Description of the task:
Each line of the data below containing "range" needs to be listed.

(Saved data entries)
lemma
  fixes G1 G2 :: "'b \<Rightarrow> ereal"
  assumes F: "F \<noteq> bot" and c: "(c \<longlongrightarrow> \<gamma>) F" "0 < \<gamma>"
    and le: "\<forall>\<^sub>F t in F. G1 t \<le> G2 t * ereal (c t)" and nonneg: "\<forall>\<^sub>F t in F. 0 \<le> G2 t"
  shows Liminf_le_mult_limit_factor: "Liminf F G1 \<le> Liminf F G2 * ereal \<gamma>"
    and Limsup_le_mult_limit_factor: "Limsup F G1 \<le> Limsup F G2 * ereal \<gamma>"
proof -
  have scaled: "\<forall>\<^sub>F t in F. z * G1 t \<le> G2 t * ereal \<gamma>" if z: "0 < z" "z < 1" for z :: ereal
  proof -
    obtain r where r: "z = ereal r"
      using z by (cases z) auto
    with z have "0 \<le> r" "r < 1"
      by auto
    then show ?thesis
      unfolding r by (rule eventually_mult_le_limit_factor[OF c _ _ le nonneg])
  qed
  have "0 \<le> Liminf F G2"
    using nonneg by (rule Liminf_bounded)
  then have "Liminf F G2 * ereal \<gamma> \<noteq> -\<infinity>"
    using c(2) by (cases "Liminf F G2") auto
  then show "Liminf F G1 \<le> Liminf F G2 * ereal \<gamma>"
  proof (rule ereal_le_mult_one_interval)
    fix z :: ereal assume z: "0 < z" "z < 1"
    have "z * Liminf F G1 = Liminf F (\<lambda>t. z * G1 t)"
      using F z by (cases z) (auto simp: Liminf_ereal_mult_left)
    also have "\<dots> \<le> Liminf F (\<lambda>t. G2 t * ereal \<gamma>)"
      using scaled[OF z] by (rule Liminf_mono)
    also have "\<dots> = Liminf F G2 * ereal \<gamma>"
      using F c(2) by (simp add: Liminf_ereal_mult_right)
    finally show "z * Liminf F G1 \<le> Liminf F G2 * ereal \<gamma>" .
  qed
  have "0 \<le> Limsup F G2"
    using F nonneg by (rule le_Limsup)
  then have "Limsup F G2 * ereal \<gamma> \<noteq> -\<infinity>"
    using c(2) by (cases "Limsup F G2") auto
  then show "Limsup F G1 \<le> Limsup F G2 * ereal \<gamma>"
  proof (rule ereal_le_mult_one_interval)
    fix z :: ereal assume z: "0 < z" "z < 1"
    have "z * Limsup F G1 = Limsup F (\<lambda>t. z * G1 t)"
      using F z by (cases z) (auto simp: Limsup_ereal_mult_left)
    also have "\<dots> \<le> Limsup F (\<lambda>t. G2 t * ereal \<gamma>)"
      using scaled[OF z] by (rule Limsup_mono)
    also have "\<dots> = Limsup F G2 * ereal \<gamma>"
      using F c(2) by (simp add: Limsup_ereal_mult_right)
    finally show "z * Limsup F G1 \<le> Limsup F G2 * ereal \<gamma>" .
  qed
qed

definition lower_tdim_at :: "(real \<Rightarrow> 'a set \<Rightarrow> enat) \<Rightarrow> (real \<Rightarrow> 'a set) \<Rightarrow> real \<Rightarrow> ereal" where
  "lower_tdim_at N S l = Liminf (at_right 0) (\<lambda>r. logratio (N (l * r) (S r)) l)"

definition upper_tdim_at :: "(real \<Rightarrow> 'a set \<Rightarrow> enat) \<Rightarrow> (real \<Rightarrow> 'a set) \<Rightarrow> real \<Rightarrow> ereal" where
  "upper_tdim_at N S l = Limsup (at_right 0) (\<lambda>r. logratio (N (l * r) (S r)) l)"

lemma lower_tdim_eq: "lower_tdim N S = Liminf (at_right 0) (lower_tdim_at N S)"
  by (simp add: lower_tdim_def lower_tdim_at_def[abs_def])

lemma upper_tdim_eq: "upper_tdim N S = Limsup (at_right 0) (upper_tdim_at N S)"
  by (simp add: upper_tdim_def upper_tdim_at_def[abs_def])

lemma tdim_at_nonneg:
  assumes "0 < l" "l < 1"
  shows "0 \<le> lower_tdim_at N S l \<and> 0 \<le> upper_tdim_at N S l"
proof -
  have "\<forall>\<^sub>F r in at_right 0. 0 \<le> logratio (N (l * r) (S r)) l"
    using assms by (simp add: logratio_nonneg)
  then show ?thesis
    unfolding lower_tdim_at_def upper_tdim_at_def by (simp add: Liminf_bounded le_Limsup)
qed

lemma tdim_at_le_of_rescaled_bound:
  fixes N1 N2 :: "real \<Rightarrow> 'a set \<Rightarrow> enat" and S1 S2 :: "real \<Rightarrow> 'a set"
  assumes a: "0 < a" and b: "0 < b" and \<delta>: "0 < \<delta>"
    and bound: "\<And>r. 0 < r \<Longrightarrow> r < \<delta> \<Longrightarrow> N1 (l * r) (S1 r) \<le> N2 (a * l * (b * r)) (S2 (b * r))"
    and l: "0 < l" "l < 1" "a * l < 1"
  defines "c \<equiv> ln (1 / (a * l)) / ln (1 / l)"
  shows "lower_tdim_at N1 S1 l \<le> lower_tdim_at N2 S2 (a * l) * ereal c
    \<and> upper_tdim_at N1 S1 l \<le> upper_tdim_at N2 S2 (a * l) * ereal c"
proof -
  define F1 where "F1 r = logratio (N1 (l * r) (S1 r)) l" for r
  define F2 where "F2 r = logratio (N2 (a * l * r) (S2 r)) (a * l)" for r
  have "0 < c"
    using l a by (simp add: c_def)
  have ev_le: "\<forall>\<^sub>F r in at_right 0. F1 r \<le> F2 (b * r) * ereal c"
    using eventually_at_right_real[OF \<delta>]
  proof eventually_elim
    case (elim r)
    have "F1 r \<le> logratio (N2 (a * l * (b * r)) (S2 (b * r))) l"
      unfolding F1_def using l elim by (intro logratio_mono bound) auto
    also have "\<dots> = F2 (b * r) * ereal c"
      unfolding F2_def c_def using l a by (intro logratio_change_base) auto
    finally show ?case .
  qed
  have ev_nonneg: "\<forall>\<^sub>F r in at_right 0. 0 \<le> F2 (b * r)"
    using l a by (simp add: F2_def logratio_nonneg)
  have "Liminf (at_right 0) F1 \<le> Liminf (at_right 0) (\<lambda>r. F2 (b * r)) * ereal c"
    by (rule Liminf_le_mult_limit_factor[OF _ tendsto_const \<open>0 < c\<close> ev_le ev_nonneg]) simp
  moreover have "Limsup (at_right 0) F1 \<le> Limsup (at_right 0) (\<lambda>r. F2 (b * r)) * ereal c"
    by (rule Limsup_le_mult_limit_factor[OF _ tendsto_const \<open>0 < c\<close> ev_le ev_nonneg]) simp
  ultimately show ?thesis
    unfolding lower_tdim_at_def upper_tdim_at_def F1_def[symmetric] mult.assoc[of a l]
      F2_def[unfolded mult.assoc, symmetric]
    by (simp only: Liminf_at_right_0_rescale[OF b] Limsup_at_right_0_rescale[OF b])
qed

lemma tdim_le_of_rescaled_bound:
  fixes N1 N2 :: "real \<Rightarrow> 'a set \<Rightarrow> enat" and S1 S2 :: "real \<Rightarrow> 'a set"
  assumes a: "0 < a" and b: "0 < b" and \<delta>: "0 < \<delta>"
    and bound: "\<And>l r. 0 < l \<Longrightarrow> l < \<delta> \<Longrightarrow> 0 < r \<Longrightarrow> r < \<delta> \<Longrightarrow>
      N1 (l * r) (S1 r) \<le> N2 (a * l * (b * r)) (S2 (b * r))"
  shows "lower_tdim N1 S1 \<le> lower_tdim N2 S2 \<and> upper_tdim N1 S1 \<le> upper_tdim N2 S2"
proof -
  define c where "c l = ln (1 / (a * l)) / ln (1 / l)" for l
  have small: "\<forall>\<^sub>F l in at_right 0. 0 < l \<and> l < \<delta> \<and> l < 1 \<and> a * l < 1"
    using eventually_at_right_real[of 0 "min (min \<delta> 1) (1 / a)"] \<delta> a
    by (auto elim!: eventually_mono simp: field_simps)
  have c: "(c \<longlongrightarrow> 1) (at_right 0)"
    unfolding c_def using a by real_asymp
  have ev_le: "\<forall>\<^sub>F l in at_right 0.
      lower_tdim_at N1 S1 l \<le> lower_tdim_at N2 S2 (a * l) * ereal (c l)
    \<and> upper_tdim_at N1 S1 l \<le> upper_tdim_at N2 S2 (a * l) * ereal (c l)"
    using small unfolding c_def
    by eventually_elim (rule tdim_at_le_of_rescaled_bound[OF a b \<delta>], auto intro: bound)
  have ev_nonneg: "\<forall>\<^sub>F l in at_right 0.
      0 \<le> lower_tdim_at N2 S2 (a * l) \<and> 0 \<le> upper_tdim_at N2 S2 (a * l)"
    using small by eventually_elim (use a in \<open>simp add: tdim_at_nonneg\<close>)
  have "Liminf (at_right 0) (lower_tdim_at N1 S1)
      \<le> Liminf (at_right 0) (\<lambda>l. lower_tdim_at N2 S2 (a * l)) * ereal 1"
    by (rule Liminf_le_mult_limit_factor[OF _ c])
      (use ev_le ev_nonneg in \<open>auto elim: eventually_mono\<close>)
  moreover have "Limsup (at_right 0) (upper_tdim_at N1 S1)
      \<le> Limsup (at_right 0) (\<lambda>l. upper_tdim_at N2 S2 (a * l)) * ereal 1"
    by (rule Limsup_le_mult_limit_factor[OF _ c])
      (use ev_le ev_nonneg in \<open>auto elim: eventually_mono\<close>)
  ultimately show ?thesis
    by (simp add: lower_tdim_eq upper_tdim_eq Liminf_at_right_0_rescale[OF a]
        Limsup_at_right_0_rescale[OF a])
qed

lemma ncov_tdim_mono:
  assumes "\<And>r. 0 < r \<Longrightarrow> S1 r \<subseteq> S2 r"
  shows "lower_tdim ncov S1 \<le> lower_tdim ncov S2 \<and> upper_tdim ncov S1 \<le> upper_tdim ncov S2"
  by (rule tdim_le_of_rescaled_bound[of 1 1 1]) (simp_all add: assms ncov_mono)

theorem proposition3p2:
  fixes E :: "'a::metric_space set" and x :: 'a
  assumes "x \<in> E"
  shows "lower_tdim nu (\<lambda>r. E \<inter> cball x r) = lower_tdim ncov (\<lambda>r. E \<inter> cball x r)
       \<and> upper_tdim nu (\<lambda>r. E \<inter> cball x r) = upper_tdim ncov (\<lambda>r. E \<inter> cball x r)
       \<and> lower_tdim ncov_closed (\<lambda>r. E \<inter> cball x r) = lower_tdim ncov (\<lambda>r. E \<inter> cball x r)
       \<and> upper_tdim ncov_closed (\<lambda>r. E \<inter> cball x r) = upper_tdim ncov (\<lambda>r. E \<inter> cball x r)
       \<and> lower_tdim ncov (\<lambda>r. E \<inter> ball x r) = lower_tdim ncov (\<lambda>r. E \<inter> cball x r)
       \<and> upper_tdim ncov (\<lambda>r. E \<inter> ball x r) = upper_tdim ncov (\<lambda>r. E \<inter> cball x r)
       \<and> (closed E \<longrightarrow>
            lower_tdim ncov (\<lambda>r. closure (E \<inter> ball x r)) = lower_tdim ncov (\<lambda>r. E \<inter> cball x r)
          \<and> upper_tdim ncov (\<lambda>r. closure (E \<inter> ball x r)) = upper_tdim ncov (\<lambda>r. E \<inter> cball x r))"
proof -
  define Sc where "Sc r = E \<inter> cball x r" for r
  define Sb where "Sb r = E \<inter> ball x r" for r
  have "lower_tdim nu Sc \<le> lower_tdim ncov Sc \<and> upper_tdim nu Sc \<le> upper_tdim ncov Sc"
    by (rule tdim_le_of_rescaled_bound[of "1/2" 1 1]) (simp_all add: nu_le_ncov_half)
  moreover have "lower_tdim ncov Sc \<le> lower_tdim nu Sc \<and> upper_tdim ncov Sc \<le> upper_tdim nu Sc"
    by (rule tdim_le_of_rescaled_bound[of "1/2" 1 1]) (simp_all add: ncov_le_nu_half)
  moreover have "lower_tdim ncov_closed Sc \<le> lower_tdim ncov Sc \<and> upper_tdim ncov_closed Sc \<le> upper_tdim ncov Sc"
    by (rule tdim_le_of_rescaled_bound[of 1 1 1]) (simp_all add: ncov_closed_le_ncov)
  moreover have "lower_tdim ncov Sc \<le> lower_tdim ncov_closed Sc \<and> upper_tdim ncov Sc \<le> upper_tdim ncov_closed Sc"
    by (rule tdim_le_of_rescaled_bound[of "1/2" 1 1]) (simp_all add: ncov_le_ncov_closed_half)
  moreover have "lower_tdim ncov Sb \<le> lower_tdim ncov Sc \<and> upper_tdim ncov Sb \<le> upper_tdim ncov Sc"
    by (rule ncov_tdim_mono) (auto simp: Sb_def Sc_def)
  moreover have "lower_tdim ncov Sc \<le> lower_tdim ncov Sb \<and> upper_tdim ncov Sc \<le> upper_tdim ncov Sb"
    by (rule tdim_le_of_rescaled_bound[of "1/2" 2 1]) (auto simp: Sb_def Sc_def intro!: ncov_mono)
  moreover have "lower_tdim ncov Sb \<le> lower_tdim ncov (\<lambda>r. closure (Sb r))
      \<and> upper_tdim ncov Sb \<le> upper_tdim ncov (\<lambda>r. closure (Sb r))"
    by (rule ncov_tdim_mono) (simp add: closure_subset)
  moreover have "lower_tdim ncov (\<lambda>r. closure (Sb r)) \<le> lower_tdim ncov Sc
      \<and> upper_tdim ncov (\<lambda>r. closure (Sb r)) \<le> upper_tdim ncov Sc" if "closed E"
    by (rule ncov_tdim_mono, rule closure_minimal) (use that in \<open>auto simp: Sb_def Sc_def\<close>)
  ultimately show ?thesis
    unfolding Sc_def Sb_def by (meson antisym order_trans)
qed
--
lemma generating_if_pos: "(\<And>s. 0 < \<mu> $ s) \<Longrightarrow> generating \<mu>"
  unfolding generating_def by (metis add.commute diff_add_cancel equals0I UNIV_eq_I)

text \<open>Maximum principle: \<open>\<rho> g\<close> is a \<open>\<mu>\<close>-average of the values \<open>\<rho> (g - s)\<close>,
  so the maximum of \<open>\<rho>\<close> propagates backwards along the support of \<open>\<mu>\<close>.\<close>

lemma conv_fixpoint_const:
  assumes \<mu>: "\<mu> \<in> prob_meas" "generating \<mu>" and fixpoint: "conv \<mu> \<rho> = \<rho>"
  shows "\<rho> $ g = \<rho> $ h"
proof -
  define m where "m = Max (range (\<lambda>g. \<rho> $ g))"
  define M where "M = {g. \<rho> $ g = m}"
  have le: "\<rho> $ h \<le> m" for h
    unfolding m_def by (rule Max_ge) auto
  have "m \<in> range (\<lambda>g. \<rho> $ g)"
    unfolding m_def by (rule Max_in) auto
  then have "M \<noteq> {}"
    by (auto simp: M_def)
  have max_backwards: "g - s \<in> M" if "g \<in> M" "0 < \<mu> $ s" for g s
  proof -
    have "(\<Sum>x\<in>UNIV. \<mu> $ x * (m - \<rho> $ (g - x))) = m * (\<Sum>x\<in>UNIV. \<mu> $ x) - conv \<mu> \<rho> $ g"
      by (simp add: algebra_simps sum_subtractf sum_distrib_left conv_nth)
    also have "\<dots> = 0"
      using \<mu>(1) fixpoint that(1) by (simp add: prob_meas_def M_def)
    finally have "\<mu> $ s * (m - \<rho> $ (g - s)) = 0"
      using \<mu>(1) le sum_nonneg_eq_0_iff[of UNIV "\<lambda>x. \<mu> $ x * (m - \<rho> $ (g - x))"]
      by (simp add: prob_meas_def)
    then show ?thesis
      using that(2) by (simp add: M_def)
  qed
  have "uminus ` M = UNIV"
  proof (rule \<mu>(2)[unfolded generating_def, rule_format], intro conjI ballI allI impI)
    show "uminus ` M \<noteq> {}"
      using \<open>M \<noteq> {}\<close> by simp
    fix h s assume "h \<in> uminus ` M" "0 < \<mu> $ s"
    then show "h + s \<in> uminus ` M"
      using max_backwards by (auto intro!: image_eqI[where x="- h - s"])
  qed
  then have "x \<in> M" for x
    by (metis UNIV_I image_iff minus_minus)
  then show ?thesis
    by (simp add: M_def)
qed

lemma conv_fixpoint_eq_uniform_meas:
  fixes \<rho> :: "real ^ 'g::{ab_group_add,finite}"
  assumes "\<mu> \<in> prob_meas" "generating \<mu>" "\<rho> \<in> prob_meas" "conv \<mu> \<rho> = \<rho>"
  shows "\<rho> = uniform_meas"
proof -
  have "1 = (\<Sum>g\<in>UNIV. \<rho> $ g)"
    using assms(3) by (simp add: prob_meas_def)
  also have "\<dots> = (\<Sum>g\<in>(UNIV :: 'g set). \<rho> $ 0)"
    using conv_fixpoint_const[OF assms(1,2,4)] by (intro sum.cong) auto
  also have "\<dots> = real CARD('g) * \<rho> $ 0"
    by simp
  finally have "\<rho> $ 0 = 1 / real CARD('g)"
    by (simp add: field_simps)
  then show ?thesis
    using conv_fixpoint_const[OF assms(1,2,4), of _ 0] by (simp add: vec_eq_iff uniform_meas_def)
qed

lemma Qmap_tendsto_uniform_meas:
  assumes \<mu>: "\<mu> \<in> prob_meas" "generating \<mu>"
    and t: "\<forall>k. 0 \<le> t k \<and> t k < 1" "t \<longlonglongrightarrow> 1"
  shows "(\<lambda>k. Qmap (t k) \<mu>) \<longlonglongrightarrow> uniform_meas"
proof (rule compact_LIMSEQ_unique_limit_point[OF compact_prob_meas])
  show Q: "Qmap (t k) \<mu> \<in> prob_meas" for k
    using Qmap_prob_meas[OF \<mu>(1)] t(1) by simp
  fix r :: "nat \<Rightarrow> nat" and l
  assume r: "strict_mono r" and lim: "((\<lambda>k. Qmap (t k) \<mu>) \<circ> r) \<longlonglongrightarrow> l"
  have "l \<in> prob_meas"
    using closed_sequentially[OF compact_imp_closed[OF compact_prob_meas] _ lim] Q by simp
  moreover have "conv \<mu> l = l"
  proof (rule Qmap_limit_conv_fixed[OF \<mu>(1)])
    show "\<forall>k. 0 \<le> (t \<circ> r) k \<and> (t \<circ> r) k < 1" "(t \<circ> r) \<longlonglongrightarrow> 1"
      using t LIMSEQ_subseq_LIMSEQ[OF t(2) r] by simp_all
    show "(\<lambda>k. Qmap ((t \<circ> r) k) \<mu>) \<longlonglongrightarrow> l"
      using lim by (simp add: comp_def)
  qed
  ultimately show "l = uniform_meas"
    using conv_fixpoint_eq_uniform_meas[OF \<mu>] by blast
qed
--
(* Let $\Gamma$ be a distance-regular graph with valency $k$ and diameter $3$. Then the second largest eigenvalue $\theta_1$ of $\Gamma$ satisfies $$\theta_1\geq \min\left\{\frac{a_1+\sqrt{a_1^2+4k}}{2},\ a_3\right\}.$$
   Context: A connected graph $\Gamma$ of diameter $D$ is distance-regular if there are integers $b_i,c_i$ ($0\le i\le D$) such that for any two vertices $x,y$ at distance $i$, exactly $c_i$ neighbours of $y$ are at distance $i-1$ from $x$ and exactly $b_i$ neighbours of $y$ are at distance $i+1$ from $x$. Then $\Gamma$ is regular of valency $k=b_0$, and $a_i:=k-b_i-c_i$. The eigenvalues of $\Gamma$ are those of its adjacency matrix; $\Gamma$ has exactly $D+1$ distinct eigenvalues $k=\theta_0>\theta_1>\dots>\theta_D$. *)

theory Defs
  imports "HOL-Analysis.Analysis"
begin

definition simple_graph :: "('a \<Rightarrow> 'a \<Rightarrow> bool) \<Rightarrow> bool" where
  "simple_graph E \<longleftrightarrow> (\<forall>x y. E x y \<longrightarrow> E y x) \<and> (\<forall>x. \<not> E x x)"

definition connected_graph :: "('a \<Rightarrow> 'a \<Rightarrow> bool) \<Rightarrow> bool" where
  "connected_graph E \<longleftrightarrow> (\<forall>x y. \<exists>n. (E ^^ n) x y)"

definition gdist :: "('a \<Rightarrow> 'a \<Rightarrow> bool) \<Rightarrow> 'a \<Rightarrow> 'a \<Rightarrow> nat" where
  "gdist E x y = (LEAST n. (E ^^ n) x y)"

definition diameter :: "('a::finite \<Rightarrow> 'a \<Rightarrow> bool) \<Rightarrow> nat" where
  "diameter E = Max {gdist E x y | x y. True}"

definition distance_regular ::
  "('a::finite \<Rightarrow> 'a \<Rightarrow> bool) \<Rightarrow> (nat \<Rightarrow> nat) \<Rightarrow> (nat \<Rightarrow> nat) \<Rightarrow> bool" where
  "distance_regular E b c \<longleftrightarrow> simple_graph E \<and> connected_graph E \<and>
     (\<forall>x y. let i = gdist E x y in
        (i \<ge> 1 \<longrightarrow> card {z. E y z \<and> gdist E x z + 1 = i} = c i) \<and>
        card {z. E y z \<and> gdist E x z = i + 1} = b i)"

Reply to the task:
  define m where "m = Max (range (\<lambda>g. \<rho> $ g))"
  have "m \<in> range (\<lambda>g. \<rho> $ g)"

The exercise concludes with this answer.